### Data

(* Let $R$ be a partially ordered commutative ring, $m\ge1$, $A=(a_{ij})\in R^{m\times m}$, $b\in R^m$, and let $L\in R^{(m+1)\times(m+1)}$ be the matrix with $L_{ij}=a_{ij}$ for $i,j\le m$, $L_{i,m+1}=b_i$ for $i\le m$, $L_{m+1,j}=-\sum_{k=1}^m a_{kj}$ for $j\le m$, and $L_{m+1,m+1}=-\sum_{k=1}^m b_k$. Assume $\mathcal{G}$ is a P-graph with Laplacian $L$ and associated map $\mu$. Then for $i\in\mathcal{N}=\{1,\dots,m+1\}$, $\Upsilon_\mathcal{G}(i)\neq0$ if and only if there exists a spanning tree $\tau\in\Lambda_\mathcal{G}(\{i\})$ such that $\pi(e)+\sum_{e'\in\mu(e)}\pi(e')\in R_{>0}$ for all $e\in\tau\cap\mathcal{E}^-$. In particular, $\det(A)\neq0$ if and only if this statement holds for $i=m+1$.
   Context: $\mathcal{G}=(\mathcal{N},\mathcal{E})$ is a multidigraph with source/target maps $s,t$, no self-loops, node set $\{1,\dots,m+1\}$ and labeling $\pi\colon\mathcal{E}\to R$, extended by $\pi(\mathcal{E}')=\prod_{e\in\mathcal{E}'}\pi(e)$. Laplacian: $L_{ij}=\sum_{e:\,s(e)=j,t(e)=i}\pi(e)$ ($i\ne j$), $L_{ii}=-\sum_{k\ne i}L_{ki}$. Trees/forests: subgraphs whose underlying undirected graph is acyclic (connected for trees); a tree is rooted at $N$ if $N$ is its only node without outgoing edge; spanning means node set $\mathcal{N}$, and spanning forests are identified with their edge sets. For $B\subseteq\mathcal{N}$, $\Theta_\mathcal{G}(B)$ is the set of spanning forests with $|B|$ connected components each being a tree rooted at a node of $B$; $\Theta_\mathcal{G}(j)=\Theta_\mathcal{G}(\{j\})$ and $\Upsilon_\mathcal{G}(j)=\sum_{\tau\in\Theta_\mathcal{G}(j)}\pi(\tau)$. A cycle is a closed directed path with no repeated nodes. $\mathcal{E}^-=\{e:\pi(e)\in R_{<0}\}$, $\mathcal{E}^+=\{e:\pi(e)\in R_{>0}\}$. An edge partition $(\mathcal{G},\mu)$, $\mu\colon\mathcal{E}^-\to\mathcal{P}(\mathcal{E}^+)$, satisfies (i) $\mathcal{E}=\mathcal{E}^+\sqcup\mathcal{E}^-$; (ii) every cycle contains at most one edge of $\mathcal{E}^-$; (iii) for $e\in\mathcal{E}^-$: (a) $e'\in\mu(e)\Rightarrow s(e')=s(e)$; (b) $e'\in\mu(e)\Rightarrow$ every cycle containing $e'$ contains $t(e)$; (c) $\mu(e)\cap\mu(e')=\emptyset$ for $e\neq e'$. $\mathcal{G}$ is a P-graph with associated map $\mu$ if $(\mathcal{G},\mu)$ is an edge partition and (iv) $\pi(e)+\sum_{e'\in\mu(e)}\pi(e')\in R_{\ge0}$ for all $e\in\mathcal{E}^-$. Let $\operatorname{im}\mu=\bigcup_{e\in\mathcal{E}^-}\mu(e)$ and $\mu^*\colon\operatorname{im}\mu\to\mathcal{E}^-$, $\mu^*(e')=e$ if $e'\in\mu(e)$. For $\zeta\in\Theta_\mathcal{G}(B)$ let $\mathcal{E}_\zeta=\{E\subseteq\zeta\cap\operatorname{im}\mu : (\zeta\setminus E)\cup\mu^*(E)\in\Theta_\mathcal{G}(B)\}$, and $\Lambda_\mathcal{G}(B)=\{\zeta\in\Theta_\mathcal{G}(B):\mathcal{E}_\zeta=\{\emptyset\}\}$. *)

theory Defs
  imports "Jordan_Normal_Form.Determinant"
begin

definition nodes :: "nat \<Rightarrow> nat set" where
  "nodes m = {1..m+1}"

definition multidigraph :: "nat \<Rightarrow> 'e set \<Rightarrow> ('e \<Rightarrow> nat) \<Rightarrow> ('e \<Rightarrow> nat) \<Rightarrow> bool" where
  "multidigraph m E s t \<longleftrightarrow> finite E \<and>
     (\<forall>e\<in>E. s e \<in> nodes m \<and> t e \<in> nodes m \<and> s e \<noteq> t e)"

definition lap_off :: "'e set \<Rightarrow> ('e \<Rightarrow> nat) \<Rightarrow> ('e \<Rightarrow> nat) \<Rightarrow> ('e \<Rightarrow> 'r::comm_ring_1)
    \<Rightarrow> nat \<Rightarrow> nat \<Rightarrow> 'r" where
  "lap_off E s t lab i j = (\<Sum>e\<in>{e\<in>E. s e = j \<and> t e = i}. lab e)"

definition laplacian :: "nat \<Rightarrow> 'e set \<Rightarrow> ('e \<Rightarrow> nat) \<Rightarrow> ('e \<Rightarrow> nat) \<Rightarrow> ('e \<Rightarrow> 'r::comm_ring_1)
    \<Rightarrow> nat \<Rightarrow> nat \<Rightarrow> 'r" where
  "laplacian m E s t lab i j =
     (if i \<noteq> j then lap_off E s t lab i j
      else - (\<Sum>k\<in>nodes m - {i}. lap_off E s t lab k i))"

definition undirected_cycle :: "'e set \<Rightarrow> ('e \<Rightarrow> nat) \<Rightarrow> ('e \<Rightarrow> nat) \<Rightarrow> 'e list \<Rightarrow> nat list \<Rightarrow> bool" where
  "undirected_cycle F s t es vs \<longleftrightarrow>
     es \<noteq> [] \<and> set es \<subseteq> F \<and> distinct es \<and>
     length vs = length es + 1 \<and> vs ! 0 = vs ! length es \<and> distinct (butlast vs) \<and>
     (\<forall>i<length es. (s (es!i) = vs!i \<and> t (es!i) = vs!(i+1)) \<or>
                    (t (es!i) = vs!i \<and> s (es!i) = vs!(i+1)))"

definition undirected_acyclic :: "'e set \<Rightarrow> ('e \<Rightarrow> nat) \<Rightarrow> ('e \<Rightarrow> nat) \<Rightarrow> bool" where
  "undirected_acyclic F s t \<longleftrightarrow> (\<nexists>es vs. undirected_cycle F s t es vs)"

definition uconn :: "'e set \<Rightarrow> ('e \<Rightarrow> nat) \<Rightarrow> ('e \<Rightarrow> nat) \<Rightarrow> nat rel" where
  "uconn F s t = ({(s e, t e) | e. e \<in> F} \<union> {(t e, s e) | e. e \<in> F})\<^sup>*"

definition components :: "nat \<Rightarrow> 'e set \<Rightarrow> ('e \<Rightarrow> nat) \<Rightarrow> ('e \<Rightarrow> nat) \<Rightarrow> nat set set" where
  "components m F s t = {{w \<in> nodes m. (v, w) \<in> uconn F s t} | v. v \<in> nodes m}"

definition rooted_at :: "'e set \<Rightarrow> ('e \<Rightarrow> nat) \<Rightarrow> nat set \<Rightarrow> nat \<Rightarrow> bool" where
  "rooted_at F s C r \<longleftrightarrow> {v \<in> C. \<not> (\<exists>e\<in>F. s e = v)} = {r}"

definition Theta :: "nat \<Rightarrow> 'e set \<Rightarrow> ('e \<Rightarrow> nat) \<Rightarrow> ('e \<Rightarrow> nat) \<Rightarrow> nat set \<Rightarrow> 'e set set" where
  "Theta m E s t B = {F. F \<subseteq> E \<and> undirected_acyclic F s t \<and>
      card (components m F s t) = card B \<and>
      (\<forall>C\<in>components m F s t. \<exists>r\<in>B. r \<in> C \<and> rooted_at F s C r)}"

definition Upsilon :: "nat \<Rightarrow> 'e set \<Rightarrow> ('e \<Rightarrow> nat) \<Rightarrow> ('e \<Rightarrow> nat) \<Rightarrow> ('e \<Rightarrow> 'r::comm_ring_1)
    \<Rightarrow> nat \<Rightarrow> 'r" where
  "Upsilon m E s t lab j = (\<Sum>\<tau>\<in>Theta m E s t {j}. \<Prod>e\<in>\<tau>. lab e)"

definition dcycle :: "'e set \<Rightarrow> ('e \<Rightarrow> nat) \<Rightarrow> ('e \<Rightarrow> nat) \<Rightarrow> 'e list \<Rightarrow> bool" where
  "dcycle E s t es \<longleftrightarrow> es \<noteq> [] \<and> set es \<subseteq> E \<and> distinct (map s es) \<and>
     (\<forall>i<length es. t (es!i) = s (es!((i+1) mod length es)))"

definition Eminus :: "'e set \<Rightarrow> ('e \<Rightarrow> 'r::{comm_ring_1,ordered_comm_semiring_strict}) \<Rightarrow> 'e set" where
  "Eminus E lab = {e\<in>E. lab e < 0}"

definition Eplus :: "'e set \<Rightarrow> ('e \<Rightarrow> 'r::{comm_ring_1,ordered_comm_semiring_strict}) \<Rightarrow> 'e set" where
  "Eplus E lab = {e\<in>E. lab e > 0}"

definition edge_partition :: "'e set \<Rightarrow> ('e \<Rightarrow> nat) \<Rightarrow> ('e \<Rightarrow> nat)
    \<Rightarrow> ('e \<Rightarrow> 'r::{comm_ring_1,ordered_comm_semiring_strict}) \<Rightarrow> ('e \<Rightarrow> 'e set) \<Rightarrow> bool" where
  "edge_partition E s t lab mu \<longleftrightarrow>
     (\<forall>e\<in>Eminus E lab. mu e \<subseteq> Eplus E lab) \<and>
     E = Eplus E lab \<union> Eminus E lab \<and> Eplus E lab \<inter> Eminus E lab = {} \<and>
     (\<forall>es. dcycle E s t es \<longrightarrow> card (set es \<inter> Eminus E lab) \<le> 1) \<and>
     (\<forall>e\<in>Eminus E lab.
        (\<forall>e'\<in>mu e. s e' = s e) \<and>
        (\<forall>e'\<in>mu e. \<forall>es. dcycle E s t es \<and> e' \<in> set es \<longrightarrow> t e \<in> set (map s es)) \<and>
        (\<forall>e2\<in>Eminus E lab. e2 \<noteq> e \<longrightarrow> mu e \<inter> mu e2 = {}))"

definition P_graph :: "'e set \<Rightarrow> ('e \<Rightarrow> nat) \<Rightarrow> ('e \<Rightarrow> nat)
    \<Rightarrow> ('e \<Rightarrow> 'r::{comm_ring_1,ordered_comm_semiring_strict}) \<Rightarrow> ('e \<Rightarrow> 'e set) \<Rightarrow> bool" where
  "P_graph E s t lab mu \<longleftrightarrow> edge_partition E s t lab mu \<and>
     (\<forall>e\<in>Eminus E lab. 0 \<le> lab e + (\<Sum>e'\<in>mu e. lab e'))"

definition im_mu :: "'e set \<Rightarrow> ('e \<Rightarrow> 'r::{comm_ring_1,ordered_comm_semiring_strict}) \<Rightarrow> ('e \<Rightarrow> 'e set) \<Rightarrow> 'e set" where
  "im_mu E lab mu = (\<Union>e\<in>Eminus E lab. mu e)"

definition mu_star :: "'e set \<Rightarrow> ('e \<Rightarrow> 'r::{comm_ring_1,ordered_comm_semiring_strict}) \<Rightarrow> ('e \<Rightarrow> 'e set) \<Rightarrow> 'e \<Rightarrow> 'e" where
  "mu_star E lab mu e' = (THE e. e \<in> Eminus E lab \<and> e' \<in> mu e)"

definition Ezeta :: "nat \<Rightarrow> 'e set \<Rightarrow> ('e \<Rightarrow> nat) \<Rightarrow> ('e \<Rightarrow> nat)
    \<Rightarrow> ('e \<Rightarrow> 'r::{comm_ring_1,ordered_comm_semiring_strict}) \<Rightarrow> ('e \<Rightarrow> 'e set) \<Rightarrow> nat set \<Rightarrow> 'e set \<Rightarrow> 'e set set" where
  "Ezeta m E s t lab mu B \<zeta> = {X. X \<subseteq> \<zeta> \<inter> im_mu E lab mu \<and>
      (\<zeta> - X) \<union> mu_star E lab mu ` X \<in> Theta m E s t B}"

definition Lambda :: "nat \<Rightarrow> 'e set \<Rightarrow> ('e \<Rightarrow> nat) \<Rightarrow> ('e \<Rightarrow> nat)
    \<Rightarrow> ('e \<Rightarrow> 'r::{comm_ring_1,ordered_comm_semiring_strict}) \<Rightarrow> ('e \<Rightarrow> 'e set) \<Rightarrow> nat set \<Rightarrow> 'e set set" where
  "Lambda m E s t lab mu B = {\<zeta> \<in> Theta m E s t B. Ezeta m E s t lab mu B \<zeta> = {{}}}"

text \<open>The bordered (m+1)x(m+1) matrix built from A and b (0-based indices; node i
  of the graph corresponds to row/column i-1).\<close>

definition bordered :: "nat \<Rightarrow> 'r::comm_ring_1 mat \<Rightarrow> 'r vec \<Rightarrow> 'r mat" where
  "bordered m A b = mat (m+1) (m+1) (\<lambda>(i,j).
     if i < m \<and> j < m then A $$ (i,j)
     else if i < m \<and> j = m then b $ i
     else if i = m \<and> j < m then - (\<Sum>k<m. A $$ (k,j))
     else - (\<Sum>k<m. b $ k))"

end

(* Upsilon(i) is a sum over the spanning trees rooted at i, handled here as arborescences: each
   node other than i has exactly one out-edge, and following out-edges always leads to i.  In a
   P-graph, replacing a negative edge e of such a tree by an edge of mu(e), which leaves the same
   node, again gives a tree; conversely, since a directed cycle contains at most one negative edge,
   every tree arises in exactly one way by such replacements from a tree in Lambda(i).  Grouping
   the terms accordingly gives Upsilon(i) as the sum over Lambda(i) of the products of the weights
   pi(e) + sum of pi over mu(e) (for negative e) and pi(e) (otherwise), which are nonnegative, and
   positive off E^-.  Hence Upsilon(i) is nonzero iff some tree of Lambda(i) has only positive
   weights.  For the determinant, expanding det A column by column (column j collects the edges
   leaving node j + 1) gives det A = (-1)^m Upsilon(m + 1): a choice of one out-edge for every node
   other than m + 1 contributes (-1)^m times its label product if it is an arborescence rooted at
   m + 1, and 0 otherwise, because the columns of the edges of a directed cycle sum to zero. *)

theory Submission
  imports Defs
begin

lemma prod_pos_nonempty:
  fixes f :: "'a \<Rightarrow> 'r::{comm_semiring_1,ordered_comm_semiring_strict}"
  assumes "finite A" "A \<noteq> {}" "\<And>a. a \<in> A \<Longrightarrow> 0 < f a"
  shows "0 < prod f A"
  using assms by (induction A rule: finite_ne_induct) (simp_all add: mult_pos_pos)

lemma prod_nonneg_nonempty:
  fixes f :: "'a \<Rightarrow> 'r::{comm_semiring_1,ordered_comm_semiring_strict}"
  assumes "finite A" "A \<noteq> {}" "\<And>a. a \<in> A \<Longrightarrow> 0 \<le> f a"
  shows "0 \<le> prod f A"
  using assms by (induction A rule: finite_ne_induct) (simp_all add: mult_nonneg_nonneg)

######

Given the records above, restate word for word only the lines starting at the one with "set \<Rightarrow> nat" and ending at the one with "(\<forall>C\<in>components m F".

#### Reply:
definition rooted_at :: "'e set \<Rightarrow> ('e \<Rightarrow> nat) \<Rightarrow> nat set \<Rightarrow> nat \<Rightarrow> bool" where
  "rooted_at F s C r \<longleftrightarrow> {v \<in> C. \<not> (\<exists>e\<in>F. s e = v)} = {r}"

definition Theta :: "nat \<Rightarrow> 'e set \<Rightarrow> ('e \<Rightarrow> nat) \<Rightarrow> ('e \<Rightarrow> nat) \<Rightarrow> nat set \<Rightarrow> 'e set set" where
  "Theta m E s t B = {F. F \<subseteq> E \<and> undirected_acyclic F s t \<and>
      card (components m F s t) = card B \<and>
      (\<forall>C\<in>components m F s t. \<exists>r\<in>B. r \<in> C \<and> rooted_at F s C r)}"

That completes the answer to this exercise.